We are all born into a family. Culturally, our family unit may vary but we each belong to a family of some description when we are born: two parents, single parent, extended, adopted, foster; there is an adult or adults caring for us.
It is in our early family relationships that so much of who we are is shaped and formed. Birth order is a significant factor, as is gender.
In some cultures, gender is a very important factor; boys often being preferred over girls. Spacing between children is also a factor.
In addition, in our birth family or adopted family we each experience “markers:” significant events that help shape us and influence our perspectives, our attitudes, our biases, our fears, our anxiety. Some examples are: family relocation and beginning a new school, loss of a parent’s job, divorce, unexpected illness, and financial setbacks are just a few factors that may be significant experiences for an individual and serve as a “marker” in how we embrace life.
Following are two “markers” from my early years that shaped me.
I was the fifth child of my parents, with three older sisters and an older brother who was nearest me by four years, and five years later a younger sister. I was four when my oldest sister married and six when my second oldest sister married so I mostly knew them as adults. Two major events in my family relationships that impacted me and which “marked” me to some extent are:
My sister who was five years younger than I, died when she was 18 months old. I then became the youngest, or as my family preferred to call me, “the baby:” a term I always found annoying. I preferred the word, “youngest.” Looking back as an adult, I believe that my parents tended to hold on to me emotionally as they walked through the grief of losing my sister.
The other dynamic or marker was that the “only son” was just above me in age. My two oldest siblings were already married and out of the house. My third oldest sibling, eight years my senior, was busy with her teenage life which left me mostly with my brother.
I sensed early on – this was in the ’50s – that there were two gender tracks; the “boy track” and the “girl track.” My three older sisters weren’t bothered by that, but I was. One way that it impacted me was that I became very competitive with my brother, and boys in general; “anything you can do, I can do.” The two-track system clouded my vision and limited my dreams. But developing a competitive style had its merits, too. I gradually learned not be daunted by gender limitations.
As a young adult, I sought options that were less dominated by males. I chose to attend an all-girls high school, which I loved. I excelled at sports and joined a myriad of other activities. I grew through the gender preference perception. I also realized that having grown up in a “man’s world” – my father worked in a fairly exclusive “men only” labor union milieu – I was comfortable and confident with men on an equal basis. This served me well in my professional life.

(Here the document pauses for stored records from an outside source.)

lemma psd_embed_block:
  assumes A: "psd n A" and le: "l + n \<le> N"
  shows "psd N (embed_block l n A)"
proof -
  have "(\<Sum>i<N. \<Sum>j<N. v i * embed_block l n A i j * v j) = (\<Sum>i<n. \<Sum>j<n. v (i + l) * A i j * v (j + l))"
    for v :: "nat \<Rightarrow> real"
  proof -
    have "(\<Sum>i<N. \<Sum>j<N. v i * embed_block l n A i j * v j) =
        (\<Sum>i\<in>{l..<l + n}. \<Sum>j\<in>{l..<l + n}. v i * A (i - l) (j - l) * v j)"
      using le unfolding embed_block_def
      by (intro sum.mono_neutral_cong_right) (auto intro!: sum.mono_neutral_cong_right)
    also have "\<dots> = (\<Sum>i<n. \<Sum>j<n. v (i + l) * A i j * v (j + l))"
      unfolding add.commute[of l n] sum.shift_bounds_nat_ivl[where m=0, simplified]
      by (simp add: lessThan_atLeast0)
    finally show ?thesis .
  qed
  with A show ?thesis
    unfolding psd_def by (auto simp: embed_block_def)
qed

lemma H_mat_eq_blocks:
  assumes "i < 3 * m" and "j < 3 * m"
  shows "H_mat m s a b i j = embed_block 0 m (R_mat s) i j + embed_block m m (Fplus_mat s a) i j
    + embed_block (2 * m) m (Fminus_mat s b) i j"
  using assms unfolding H_mat_def embed_block_def by (simp add: mult_2)

lemma psd_H_matI:
  assumes "psd m (R_mat s)" and "psd m (Fplus_mat s a)" and "psd m (Fminus_mat s b)"
  shows "psd (3 * m) (H_mat m s a b)"
proof -
  have "psd (3 * m) (H_mat m s a b) = psd (3 * m) (\<lambda>i j. embed_block 0 m (R_mat s) i j
      + embed_block m m (Fplus_mat s a) i j + embed_block (2 * m) m (Fminus_mat s b) i j)"
    by (rule psd_cong) (rule H_mat_eq_blocks)
  also have "\<dots>"
    using assms by (intro psd_add psd_embed_block) auto
  finally show ?thesis .
qed

lemma psd_moment_Hankel:
  assumes "finite Q" and "\<And>q. q \<in> Q \<Longrightarrow> 0 \<le> c q"
  shows "psd n (\<lambda>i j. \<Sum>q\<in>Q. c q * t q ^ (i + j))"
  using psd_sum[OF assms(1), of n "\<lambda>q i j. c q * (t q ^ i * t q ^ j)"]
  by (simp add: assms(2) psd_scale psd_outer power_add)

lemma psd_H_mat_moments:
  assumes "finite Q" and "\<And>q. q \<in> Q \<Longrightarrow> 0 \<le> c q" and "\<And>q. q \<in> Q \<Longrightarrow> t q \<in> {a..b}"
  shows "psd (3 * m) (H_mat m (\<lambda>d. \<Sum>q\<in>Q. c q * t q ^ d) a b)"
proof (rule psd_H_matI)
  show "psd m (R_mat (\<lambda>d. \<Sum>q\<in>Q. c q * t q ^ d))"
    unfolding R_mat_def using assms(1,2) by (rule psd_moment_Hankel)
  have "Fplus_mat (\<lambda>d. \<Sum>q\<in>Q. c q * t q ^ d) a = (\<lambda>i j. \<Sum>q\<in>Q. (c q * (t q - a)) * t q ^ (i + j))"
    by (simp add: Fplus_mat_def fun_eq_iff sum_distrib_left sum_subtractf[symmetric] algebra_simps)
  then show "psd m (Fplus_mat (\<lambda>d. \<Sum>q\<in>Q. c q * t q ^ d) a)"
    using assms by (simp add: psd_moment_Hankel)
  have "Fminus_mat (\<lambda>d. \<Sum>q\<in>Q. c q * t q ^ d) b = (\<lambda>i j. \<Sum>q\<in>Q. (c q * (b - t q)) * t q ^ (i + j))"
    by (simp add: Fminus_mat_def fun_eq_iff sum_distrib_left sum_subtractf[symmetric] algebra_simps)
  then show "psd m (Fminus_mat (\<lambda>d. \<Sum>q\<in>Q. c q * t q ^ d) b)"
    using assms by (simp add: psd_moment_Hankel)
qed

lemma psd_kernel_sum_nonneg:
  fixes f :: "'a \<Rightarrow> 'a \<Rightarrow> real"
  assumes "\<And>N xs. inj_on xs {..<N} \<Longrightarrow> psd N (\<lambda>i j. f (xs i) (xs j))" and "finite C"
  shows "0 \<le> (\<Sum>x\<in>C. \<Sum>y\<in>C. f x y)"
proof -
  obtain xs where xs: "bij_betw xs {..<card C} C"
    using ex_bij_betw_nat_finite[OF \<open>finite C\<close>] by (auto simp: lessThan_atLeast0)
  have "0 \<le> (\<Sum>i<card C. \<Sum>j<card C. 1 * f (xs i) (xs j) * 1)"
    using assms(1)[OF bij_betw_imp_inj_on[OF xs]] unfolding psd_def by (blast dest: spec[of _ "\<lambda>_. 1"])
  also have "\<dots> = (\<Sum>i<card C. \<Sum>y\<in>C. f (xs i) y)"
    by (simp add: sum.reindex_bij_betw[OF xs])
  also have "\<dots> = (\<Sum>x\<in>C. \<Sum>y\<in>C. f x y)"
    by (rule sum.reindex_bij_betw[OF xs])
  finally show ?thesis .
qed

lemma sum_square_diag_offdiag:
  assumes "finite C"
  shows "(\<Sum>x\<in>C. \<Sum>y\<in>C. g x y) = (\<Sum>x\<in>C. g x x) + (\<Sum>(x, y)\<in>C \<times> C - Id. g x y)"
proof -
  have diag: "C \<times> C \<inter> Id = (\<lambda>x. (x, x)) ` C"
    by auto
  have "(\<Sum>x\<in>C. \<Sum>y\<in>C. g x y) = (\<Sum>(x, y)\<in>C \<times> C \<inter> Id. g x y) + (\<Sum>(x, y)\<in>C \<times> C - Id. g x y)"
    using assms by (simp add: sum.cartesian_product sum.Int_Diff)
  also have "(\<Sum>(x, y)\<in>C \<times> C \<inter> Id. g x y) = (\<Sum>x\<in>C. g x x)"
    unfolding diag by (simp add: sum.reindex inj_on_def)
  finally show ?thesis .
qed

lemma card_offdiag:
  "finite C \<Longrightarrow> real (card (C \<times> C - Id)) = real (card C) * (real (card C) - 1)"
  using sum_square_diag_offdiag[of C "\<lambda>_ _. 1 :: real"] by (simp add: algebra_simps)

text \<open>The point \<open>x_d\<close> of \<open>SDP_0\<close> attached to a code; for \<open>card C \<le> 1\<close> the division makes it \<open>0\<close>.\<close>

definition code_moment :: "('a \<Rightarrow> 'a \<Rightarrow> real) \<Rightarrow> 'a set \<Rightarrow> nat \<Rightarrow> real" where
  "code_moment \<tau> C d = (\<Sum>(x, y)\<in>C \<times> C - Id. \<tau> x y ^ d) / (real (card C) * (real (card C) - 1))"

lemma code_moment_0: "finite C \<Longrightarrow> 2 \<le> card C \<Longrightarrow> code_moment \<tau> C 0 = 1"
  by (cases "C = {}") (simp_all add: code_moment_def case_prod_unfold card_offdiag)

lemma psd_H_mat_code_moment:
  assumes "is_code \<tau> {a..b} C"
  shows "psd (3 * m) (H_mat m (code_moment \<tau> C) a b)"
proof -
  define w where "w = 1 / (real (card C) * (real (card C) - 1))"
  have "0 \<le> w"
    by (cases "card C") (auto simp: w_def)
  then have "psd (3 * m) (H_mat m (\<lambda>d. \<Sum>q\<in>C \<times> C - Id. w * case_prod \<tau> q ^ d) a b)"
    by (intro psd_H_mat_moments) (use assms in \<open>auto simp: is_code_def\<close>)
  moreover have "code_moment \<tau> C = (\<lambda>d. \<Sum>q\<in>C \<times> C - Id. w * case_prod \<tau> q ^ d)"
    by (simp add: fun_eq_iff code_moment_def w_def sum_divide_distrib case_prod_unfold)
  ultimately show ?thesis
    by simp
qed

lemma code_moment_Phi_lower_bound:
  assumes "finite C" and "2 \<le> card C" and "\<And>x. x \<in> C \<Longrightarrow> \<tau> x x = \<tau>0" and "Phi p k \<tau>0 = 1"
    and "0 \<le> (\<Sum>x\<in>C. \<Sum>y\<in>C. Phi p k (\<tau> x y))"
  shows "- 1 / (real (card C) - 1) \<le> (\<Sum>d\<le>k. p k d * code_moment \<tau> C d)"
proof -
  define N where "N = real (card C)"
  define S where "S = (\<Sum>d\<le>k. p k d * code_moment \<tau> C d)"
  have N: "2 \<le> N"
    using assms(2) by (simp add: N_def)
  have "(\<Sum>(x, y)\<in>C \<times> C - Id. Phi p k (\<tau> x y)) = (\<Sum>d\<le>k. p k d * (\<Sum>(x, y)\<in>C \<times> C - Id. \<tau> x y ^ d))"
    unfolding Phi_def case_prod_unfold sum_distrib_left by (rule sum.swap)
  also have "\<dots> = N * (N - 1) * S"
  proof -
    have "(\<Sum>(x, y)\<in>C \<times> C - Id. \<tau> x y ^ d) = N * (N - 1) * code_moment \<tau> C d" for d
      using N by (simp add: code_moment_def N_def)
    then show ?thesis
      by (simp add: S_def sum_distrib_left mult_ac)
  qed
  moreover have "(\<Sum>x\<in>C. Phi p k (\<tau> x x)) = N"
    using assms(3,4) by (simp add: N_def)
  ultimately have "0 \<le> N * (1 + (N - 1) * S)"
    using assms(5) sum_square_diag_offdiag[OF assms(1), of "\<lambda>x y. Phi p k (\<tau> x y)"]
    by (simp add: algebra_simps)
  then have "0 \<le> 1 + (N - 1) * S"
    using N by (simp add: zero_le_mult_iff)
  with N show ?thesis
    unfolding S_def[symmetric] N_def[symmetric] by (simp add: field_simps)
qed
lemma lorentzian_orthogonal_timelike:
  assumes m: "lorentzian_form m" and t: "m t t < 0" and vt: "m v t = 0" and "v \<noteq> 0"
  shows "m v v > 0"
proof (rule ccontr)
  assume "\<not> m v v > 0"
  then have vv: "m v v \<le> 0"
    by simp
  obtain e where e: "m e e = -1" "\<And>w. m e w = 0 \<Longrightarrow> w \<noteq> 0 \<Longrightarrow> m w w > 0"
    using m by (auto simp: lorentzian_form_def)
  note m_simps = bilinear_simps[OF lorentzian_form_bilinear[OF m]]
  have tv: "m t v = 0"
    using vt lorentzian_form_sym[OF m] by metis
  text \<open>The vector \<open>z\<close> of the plane spanned by \<open>t\<close> and \<open>v\<close> orthogonal to \<open>e\<close> would be
    spacelike with \<open>m z z \<le> 0\<close>.\<close>
  define \<alpha> \<beta> where "\<alpha> = m v e" and "\<beta> = - m t e"
  define z where "z = \<alpha> *\<^sub>R t + \<beta> *\<^sub>R v"
  have "m e z = 0"
    using lorentzian_form_sym[OF m, of e] by (simp add: z_def \<alpha>_def \<beta>_def m_simps)
  moreover have "m z z = \<alpha> * \<alpha> * m t t + \<beta> * \<beta> * m v v"
    using vt tv by (simp add: z_def m_simps algebra_simps)
  then have "m z z \<le> 0"
    using t vv by (simp add: add_nonpos_nonpos mult_nonneg_nonpos)
  ultimately have z: "z = 0"
    using e(2) by force
  show False
  proof (cases "\<beta> = 0")
    case True
    then have "m e t = 0"
      using lorentzian_form_sym[OF m, of e t] by (simp add: \<beta>_def)
    moreover have "t \<noteq> 0"
      using t by (auto simp: m_simps)
    ultimately show False
      using e(2) t by force
  next
    case False
    have "\<alpha> * m t t = m z t"
      using vt by (simp add: z_def m_simps)
    then have "\<alpha> = 0"
      using z t by (simp add: m_simps)
    then have "\<beta> *\<^sub>R v = 0"
      using z unfolding z_def by simp
    then show False
      using False \<open>v \<noteq> 0\<close> by simp
  qed
qed

lemma lorentzian_nondegenerate:
  assumes m: "lorentzian_form m" and z: "\<And>y. m z y = 0"
  shows "z = 0"
proof (rule ccontr)
  obtain e where "m e e = -1"
    using m by (auto simp: lorentzian_form_def)
  moreover assume "z \<noteq> 0"
  ultimately have "m z z > 0"
    using lorentzian_orthogonal_timelike[OF m, of e z] z by simp
  then show False
    using z[of z] by simp
qed

lemma flat_killing_second_derivative:
  assumes m: "bilinear m" "\<And>x y. m x y = m y x" "\<And>z. (\<And>y. m z y = 0) \<Longrightarrow> z = 0"
    and lc: "levi_civita_product br m p" and flat: "flat_product br p"
    and u: "killing_vector m p u"
  shows "p x (p y u) = p (p x y) u"
proof -
  have p: "bilinear p" and torsion: "\<And>a b. p a b - p b a = br a b"
    and metric: "\<And>a b c. m (p a b) c + m b (p a c) = 0"
    using lc by (auto simp: levi_civita_product_def)
  have killing: "\<And>v w. m (p v u) w + m v (p w u) = 0"
    using u by (simp add: killing_vector_def)
  note m_simps = bilinear_simps[OF m(1)] and p_simps = bilinear_simps[OF p]
  define T where "T w v z = m (p w (p v u) - p (p w v) u) z" for w v z
  have T_sym: "T w v z = T v w z" for w v z
  proof -
    have "p w (p v u) - p v (p w u) = p (br w v) u"
      using flat by (simp add: flat_product_def)
    also have "\<dots> = p (p w v) u - p (p v w) u"
      by (simp add: p_simps flip: torsion)
    finally have "p w (p v u) - p (p w v) u = p v (p w u) - p (p v w) u"
      by (simp add: algebra_simps)
    then show ?thesis
      by (simp add: T_def)
  qed
  have T_skew: "T w v z = - T w z v" for w v z
    using metric[of w "p v u" z] killing[of "p w v" z] metric[of w "p z u" v] killing[of "p w z" v]
      m(2)[of "p v u" "p w z"] m(2)[of "p z u" "p w v"]
    by (simp add: T_def m_simps)
  text \<open>Symmetric in the first two and skew in the last two arguments, \<open>T\<close> vanishes.\<close>
  have T_zero: "T x y z = 0" for z
  proof -
    have "T x y z = - T x z y"
      by (rule T_skew)
    also have "\<dots> = - T z x y"
      by (simp add: T_sym)
    also have "\<dots> = T z y x"
      by (simp add: T_skew[of z x y])
    also have "\<dots> = T y z x"
      by (simp add: T_sym)
    also have "\<dots> = - T y x z"
      by (rule T_skew)
    also have "\<dots> = - T x y z"
      by (simp add: T_sym)
    finally show ?thesis
      by simp
  qed
  have "p x (p y u) - p (p x y) u = 0"
    by (rule m(3)) (use T_zero in \<open>simp add: T_def\<close>)
  then show ?thesis
    by simp
qed

lemma timelike_killing_parallel:
  assumes m: "lorentzian_form m" and lc: "levi_civita_product br m p" and flat: "flat_product br p"
    and u: "killing_vector m p u" "m u u < 0"
  shows "p x u = 0"
proof (rule ccontr)
  assume nonzero: "p x u \<noteq> 0"
  have p: "bilinear p" and metric: "\<And>a b c. m (p a b) c + m b (p a c) = 0"
    using lc by (auto simp: levi_civita_product_def)
  have killing: "\<And>v w. m (p v u) w + m v (p w u) = 0"
    using u by (simp add: killing_vector_def)
  have sym: "\<And>x y. m x y = m y x"
    by (rule lorentzian_form_sym[OF m])
  have perp: "m (p y u) u = 0" for y
    using metric[of y u u] sym[of u "p y u"] by simp
  have "p u u = 0"
  proof (rule lorentzian_nondegenerate[OF m])
    show "m (p u u) y = 0" for y
      using killing[of u y] perp[of y] sym[of u "p y u"] by simp
  qed
  then have "p (p x u) u = 0"
    using flat_killing_second_derivative[OF lorentzian_form_bilinear[OF m] sym
        lorentzian_nondegenerate[OF m] lc flat u(1), of x u]
    by (simp add: bilinear_simps[OF p])
  then have "m (p x u) (p x u) = 0"
    using killing[of x "p x u"] by (simp add: bilinear_simps[OF lorentzian_form_bilinear[OF m]])
  moreover have "m (p x u) (p x u) > 0"
    using lorentzian_orthogonal_timelike[OF m u(2) perp nonzero] .
  ultimately show False
    by simp
qed

lemma unit_timelike_parallel_exists:
  assumes m: "lorentzian_form m" and lc: "levi_civita_product br m p" and flat: "flat_product br p"
    and "\<exists>u. m u u < 0 \<and> killing_vector m p u"
  shows "\<exists>n. m n n = -1 \<and> (\<forall>x. p x n = 0)"
proof -
  obtain u where u: "m u u < 0" "killing_vector m p u"
    using assms(4) by blast
  define n where "n = (1 / sqrt (- m u u)) *\<^sub>R u"
  have "m n n = -1"
    using u(1) by (simp add: n_def bilinear_simps[OF lorentzian_form_bilinear[OF m]]
        real_sqrt_mult[symmetric] power2_eq_square[symmetric])
  moreover have "p x n = 0" for x
    using timelike_killing_parallel[OF m lc flat u(2,1)] lc
    by (simp add: n_def levi_civita_product_def bilinear_rmul)
  ultimately show ?thesis
    by blast
qed

text \<open>Reversing the sign of \<open>m\<close> on the direction of a unit timelike vector \<open>n\<close> gives a
  Riemannian metric.\<close>
definition flip_timelike :: "('a \<Rightarrow> 'a \<Rightarrow> real) \<Rightarrow> 'a \<Rightarrow> 'a \<Rightarrow> 'a \<Rightarrow> real" where
  "flip_timelike m n x y = m x y + 2 * m x n * m y n"

lemma flip_timelike_bilinear:
  assumes "bilinear m"
  shows "bilinear (flip_timelike m n)"
  unfolding bilinear_def flip_timelike_def
  by (auto intro!: linearI simp: bilinear_simps[OF assms] algebra_simps)

lemma flip_timelike_sym: "(\<And>x y. m x y = m y x) \<Longrightarrow> flip_timelike m n x y = flip_timelike m n y x"
  by (simp add: flip_timelike_def mult.commute)
(* Let $A=[D,\boldsymbol n,\dots,\boldsymbol n]\in\mathbb Z^{\ell\times(\ell+k)}$ be a Type I$_k$ weight matrix such that $V_A$ is a faithful $\mathbb T^\ell$-module, and write $\alpha=\alpha(A)$, $m_i=m_i(A)$, $\eta=\eta(A)$. Then the algebra of $\mathbb T^\ell$-invariant polynomials in $z_1,\dots,z_{\ell+k},\overline{z_1},\dots,\overline{z_{\ell+k}}$ with complex coefficients (equivalently, via real and imaginary parts, $\mathbb R[V_A]^{\mathbb T^\ell}$) is generated by: (1) the $\ell$ quadratics $r_i=z_i\overline{z_i}$, $1\le i\le\ell$; (2) the $k^2$ quadratics $p_{i,j}=z_{\ell+i}\overline{z_{\ell+j}}$, $1\le i,j\le k$; (3) the $\binom{\alpha+k-1}{k-1}$ monomials $q_{\boldsymbol s}=\prod_{i=1}^\ell z_i^{m_i}\prod_{i=1}^kz_{\ell+i}^{s_i}$ of degree $\eta$, for $\boldsymbol s=(s_1,\dots,s_k)\in\mathbb Z_{\ge0}^k$ with $\sum_is_i=\alpha$; (4) their conjugates $\overline{q_{\boldsymbol s}}$. Moreover, $\mathbb R[M_0(A)]$ (complexified) is generated by the images of the generators in (2), (3), (4).
   Context: For $A=(a_{ij})\in\mathbb Z^{\ell\times n}$ with columns $\boldsymbol a_j$, $V_A=\mathbb C^n$ (coordinates $z_j$) with $\mathbb T^\ell$ acting by $z_j\mapsto\boldsymbol t^{\boldsymbol a_j}z_j$, $\boldsymbol t^{\boldsymbol a_j}=\prod_it_i^{a_{ij}}$; faithful = effective. Moment map $J_i=\tfrac12\sum_ja_{ij}z_j\overline{z_j}$, $Z_A=J_A^{-1}(0)$, $M_0(A)=Z_A/\mathbb T^\ell$, $\mathbb R[M_0(A)]=\mathbb R[V_A]^{\mathbb T^\ell}/(\text{invariant polynomials vanishing on }Z_A)$. Type I$_k$: $A=[D,\boldsymbol n,\dots,\boldsymbol n]$ ($k$ copies of $\boldsymbol n$) with $D=\operatorname{diag}(-a_1,\dots,-a_\ell)$, $a_i>0$, $\boldsymbol n=(n_1,\dots,n_\ell)^T$, $n_i>0$. $\alpha(A)=\operatorname{lcm}(a_1,\dots,a_\ell)$, $m_i(A)=n_i\alpha(A)/a_i$, $\beta(A)=\sum_im_i(A)$, $\eta(A)=\alpha(A)+\beta(A)$. *)

theory Defs
  imports "HOL-Analysis.Analysis" "HOL-Library.Poly_Mapping"
begin

(* Variables of the polynomial ring C[z_j, conj z_j]: Inl j stands for z_j, Inr j for conj(z_j).
   Indices are 0-based: z_0..z_{l+k-1}. *)
type_synonym cpoly = "((nat + nat) \<Rightarrow>\<^sub>0 nat) \<Rightarrow>\<^sub>0 complex"

definition var_idx :: "nat + nat \<Rightarrow> nat" where
  "var_idx x = (case x of Inl j \<Rightarrow> j | Inr j \<Rightarrow> j)"

definition Var :: "nat + nat \<Rightarrow> cpoly" where
  "Var x = Poly_Mapping.single (Poly_Mapping.single x 1) 1"

definition Const :: "complex \<Rightarrow> cpoly" where
  "Const c = Poly_Mapping.single 0 c"

definition var_val :: "(nat \<Rightarrow> complex) \<Rightarrow> nat + nat \<Rightarrow> complex" where
  "var_val z x = (case x of Inl j \<Rightarrow> z j | Inr j \<Rightarrow> cnj (z j))"

definition peval :: "cpoly \<Rightarrow> (nat \<Rightarrow> complex) \<Rightarrow> complex" where
  "peval f z = (\<Sum>m\<in>Poly_Mapping.keys f. Poly_Mapping.lookup f m * (\<Prod>x\<in>Poly_Mapping.keys (m :: (nat + nat) \<Rightarrow>\<^sub>0 nat). var_val z x ^ Poly_Mapping.lookup m x))"

definition in_vars :: "nat \<Rightarrow> cpoly \<Rightarrow> bool" where
  "in_vars n f \<longleftrightarrow> (\<forall>m\<in>Poly_Mapping.keys f. \<forall>x\<in>Poly_Mapping.keys m. var_idx x < n)"

definition in_torus :: "nat \<Rightarrow> (nat \<Rightarrow> complex) \<Rightarrow> bool" where
  "in_torus l t \<longleftrightarrow> (\<forall>i<l. cmod (t i) = 1)"

definition tchar :: "(nat \<Rightarrow> nat \<Rightarrow> int) \<Rightarrow> nat \<Rightarrow> (nat \<Rightarrow> complex) \<Rightarrow> nat \<Rightarrow> complex" where
  "tchar A l t j = (\<Prod>i<l. t i powi A i j)"

definition act :: "(nat \<Rightarrow> nat \<Rightarrow> int) \<Rightarrow> nat \<Rightarrow> (nat \<Rightarrow> complex) \<Rightarrow> (nat \<Rightarrow> complex) \<Rightarrow> nat \<Rightarrow> complex" where
  "act A l t z j = tchar A l t j * z j"

definition faithful :: "(nat \<Rightarrow> nat \<Rightarrow> int) \<Rightarrow> nat \<Rightarrow> nat \<Rightarrow> bool" where
  "faithful A l n \<longleftrightarrow> (\<forall>t. in_torus l t \<longrightarrow> (\<forall>j<n. tchar A l t j = 1) \<longrightarrow> (\<forall>i<l. t i = 1))"

definition inv_polys :: "(nat \<Rightarrow> nat \<Rightarrow> int) \<Rightarrow> nat \<Rightarrow> nat \<Rightarrow> cpoly set" where
  "inv_polys A l n = {f. in_vars n f \<and>
      (\<forall>t z. in_torus l t \<longrightarrow> peval f (act A l t z) = peval f z)}"

(* zero fibre of the moment map, Z_A, inside V_A = C^n *)
definition zero_fibre :: "(nat \<Rightarrow> nat \<Rightarrow> int) \<Rightarrow> nat \<Rightarrow> nat \<Rightarrow> (nat \<Rightarrow> complex) set" where
  "zero_fibre A l n = {z. (\<forall>j\<ge>n. z j = 0) \<and>
      (\<forall>i<l. (1/2) * (\<Sum>j<n. of_int (A i j) * (cmod (z j))\<^sup>2) = 0)}"

inductive_set gen_alg :: "cpoly set \<Rightarrow> cpoly set" for G where
  const: "Const c \<in> gen_alg G"
| gen: "g \<in> G \<Longrightarrow> g \<in> gen_alg G"
| add: "f \<in> gen_alg G \<Longrightarrow> g \<in> gen_alg G \<Longrightarrow> f + g \<in> gen_alg G"
| mult: "f \<in> gen_alg G \<Longrightarrow> g \<in> gen_alg G \<Longrightarrow> f * g \<in> gen_alg G"

definition typeI :: "(nat \<Rightarrow> nat) \<Rightarrow> (nat \<Rightarrow> nat) \<Rightarrow> nat \<Rightarrow> nat \<Rightarrow> nat \<Rightarrow> int" where
  "typeI a nv l i j = (if j < l then (if i = j then - int (a i) else 0) else int (nv i))"

definition alphaA :: "(nat \<Rightarrow> nat) \<Rightarrow> nat \<Rightarrow> nat" where
  "alphaA a l = Lcm (a ` {..<l})"

definition mA :: "(nat \<Rightarrow> nat) \<Rightarrow> (nat \<Rightarrow> nat) \<Rightarrow> nat \<Rightarrow> nat \<Rightarrow> nat" where
  "mA a nv l i = nv i * alphaA a l div a i"

definition betaA :: "(nat \<Rightarrow> nat) \<Rightarrow> (nat \<Rightarrow> nat) \<Rightarrow> nat \<Rightarrow> nat" where
  "betaA a nv l = (\<Sum>i<l. mA a nv l i)"

definition etaA :: "(nat \<Rightarrow> nat) \<Rightarrow> (nat \<Rightarrow> nat) \<Rightarrow> nat \<Rightarrow> nat" where
  "etaA a nv l = alphaA a l + betaA a nv l"

definition gens_r :: "nat \<Rightarrow> cpoly set" where
  "gens_r l = {Var (Inl i) * Var (Inr i) | i. i < l}"

definition gens_p :: "nat \<Rightarrow> nat \<Rightarrow> cpoly set" where
  "gens_p l k = {Var (Inl (l + i)) * Var (Inr (l + j)) | i j. i < k \<and> j < k}"

definition svecs :: "nat \<Rightarrow> nat \<Rightarrow> (nat \<Rightarrow> nat) set" where
  "svecs k alpha = {s. (\<forall>i\<ge>k. s i = 0) \<and> (\<Sum>i<k. s i) = alpha}"

(* q_s for side = Inl, conj(q_s) for side = Inr *)
definition qmono :: "(nat \<Rightarrow> nat + nat) \<Rightarrow> (nat \<Rightarrow> nat) \<Rightarrow> (nat \<Rightarrow> nat) \<Rightarrow> nat \<Rightarrow> nat \<Rightarrow> (nat \<Rightarrow> nat) \<Rightarrow> cpoly" where
  "qmono side a nv l k s = (\<Prod>i<l. Var (side i) ^ mA a nv l i) * (\<Prod>i<k. Var (side (l + i)) ^ s i)"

While being comfortable and feeling equal with males, I also became pro-women and encouraged younger women to explore less traditional roles in adulthood; roles that were not options for me in my young adult years. In my era, the two main careers offered to women with a college degree were teaching and nursing; both admirable career choices. I loved teaching.
During the cultural revolution of the 1960s however, career choices began to gradually expand. Both women and men began to explore careers that had previously been gender limited – an expansion that has benefited both women and men.
Best wishes for a graced Thanksgiving holiday.
“If the only prayer you ever say in your entire life is ‘Thank You,’ it will be enough.”
~ Meister Eckhart
For Your Reflection
What was your family of origin experience in terms of birth order or gender?
Were there experiences that “marked” you from your early years?
How have you worked through those markers so as not to be limited by them?
How or did those markers enhance your life?